▶ _What needs to be done_
There is one span to output from the data below: the lines starting at the line with "if \<alpha> = [0,1,1,1]" and ending at the line with "x^* \<and> y^*". Output it exactly, ends included, nothing more.

▶ _Records shown_
(* Let $P_0$ be a domain, $U$ a free $P_0$-module of rank four with dual $U^*=\operatorname{Hom}_{P_0}(U,P_0)$, and $x,y,z,w$ a basis of $U$ with dual basis $x^*,y^*,z^*,w^*$. Let $$\phi_3=ax^{*(2)}y^*+dx^*y^{*(2)}+ey^{*(2)}z^*+fy^{*(2)}w^*+gx^*z^{*(2)}+hy^*z^{*(2)}+iz^{*(2)}w^*+ky^*w^{*(2)}+mx^*y^*z^*+nx^*y^*w^*+py^*z^*w^*\in D_3U^*$$ with parameters in $P_0$. Assume (a) $a\neq0$, (b) $g\neq0$, and (c) $\ell\phi_3\neq0$ for all nonzero $\ell\in U$. Then $\Gamma_{\phi_3}$ is not identically zero.
   Context: $D_iU^*=\operatorname{Hom}_{P_0}(\operatorname{Sym}_iU,P_0)$; $D_\bullet U^*$ is the divided power algebra, a module over $\operatorname{Sym}_\bullet U$ via $(uv)(u')=v(uu')$. The divided power monomial $x^{*(a_1)}y^{*(a_2)}z^{*(a_3)}w^{*(a_4)}$ takes value $1$ on $x^{a_1}y^{a_2}z^{a_3}w^{a_4}$ and $0$ on all other monomials of that degree; a factor without parenthesized exponent has exponent one. $D_4U$ is the degree-$4$ divided power of $U$. For $X\in D_4U$, $\Delta(X)\in U^{\otimes4}$ is its comultiplication: for $X=\ell_1^{(e_1)}\cdots\ell_s^{(e_s)}$ with $\sum e_j=4$, the sum of all distinct words $u_1\otimes\cdots\otimes u_4$ in which the symbol $\ell_j$ occurs exactly $e_j$ times, extended linearly. $\Gamma_{\phi_3}:D_4U\otimes\bigwedge^4U\to\bigwedge^4U^*$ is the $P_0$-linear map $\Gamma_{\phi_3}(X\otimes y_1\wedge\cdots\wedge y_4)=\sum(u_1y_1\phi_3)\wedge\cdots\wedge(u_4y_4\phi_3)$, summed over the terms of $\Delta(X)$. *)

theory Defs
  imports "HOL-Library.FuncSet" "HOL-Combinatorics.Permutations"
begin

text \<open>The basis x,y,z,w of U is indexed by 0,1,2,3.
An element of U is given by its coordinate function (nat \<Rightarrow> 'a; only indices < 4 matter).
A monomial of Sym U is given by its exponent list [a1,a2,a3,a4].
An element of the divided power algebra D U^* is a functional on monomials
(nat list \<Rightarrow> 'a), i.e. its values on the monomial basis of Sym U; the divided power
monomial x^{*(a1)}y^{*(a2)}z^{*(a3)}w^{*(a4)} is the functional that is 1 on the exponent
list [a1,a2,a3,a4] and 0 elsewhere.\<close>

definition unitv :: "nat \<Rightarrow> nat list" where
  "unitv i = map (\<lambda>j. if j = i then 1 else 0) [0..<4]"

text \<open>Module action of u \<in> U = Sym_1 U on D U^*: (u v)(m) = v(u m).\<close>
definition contract :: "(nat \<Rightarrow> 'a::comm_ring_1) \<Rightarrow> (nat list \<Rightarrow> 'a) \<Rightarrow> (nat list \<Rightarrow> 'a)" where
  "contract l v = (\<lambda>\<alpha>. \<Sum>i<4. l i * v (map2 (+) (unitv i) \<alpha>))"

definition phi3 :: "'a::comm_ring_1 \<Rightarrow> 'a \<Rightarrow> 'a \<Rightarrow> 'a \<Rightarrow> 'a \<Rightarrow> 'a \<Rightarrow> 'a \<Rightarrow> 'a \<Rightarrow> 'a \<Rightarrow> 'a \<Rightarrow> 'a
    \<Rightarrow> nat list \<Rightarrow> 'a" where
  "phi3 a d e f g h i k m n p = (\<lambda>\<alpha>.
     if \<alpha> = [2,1,0,0] then a else
     if \<alpha> = [1,2,0,0] then d else
     if \<alpha> = [0,2,1,0] then e else
     if \<alpha> = [0,2,0,1] then f else
     if \<alpha> = [1,0,2,0] then g else
     if \<alpha> = [0,1,2,0] then h else
     if \<alpha> = [0,0,2,1] then i else
     if \<alpha> = [0,1,0,2] then k else
     if \<alpha> = [1,1,1,0] then m else
     if \<alpha> = [1,1,0,1] then n else
     if \<alpha> = [0,1,1,1] then p else 0)"

text \<open>Coefficient of v_0 \<and> v_1 \<and> v_2 \<and> v_3 \<in> \<And>^4 U^* with respect to
x^* \<and> y^* \<and> z^* \<and> w^*, where M t j is the j-th coordinate of the covector v_t.\<close>
definition wedge4 :: "(nat \<Rightarrow> nat \<Rightarrow> 'a::comm_ring_1) \<Rightarrow> 'a" where
  "wedge4 M = (\<Sum>q \<in> {q. q permutes {0..<4}}. of_int (sign q) * (\<Prod>t<4. M t (q t)))"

▶ _Written answer_
     if \<alpha> = [0,1,1,1] then p else 0)"

text \<open>Coefficient of v_0 \<and> v_1 \<and> v_2 \<and> v_3 \<in> \<And>^4 U^* with respect to
x^* \<and> y^* \<and> z^* \<and> w^*, where M t j is the j-th coordinate of the covector v_t.\<close>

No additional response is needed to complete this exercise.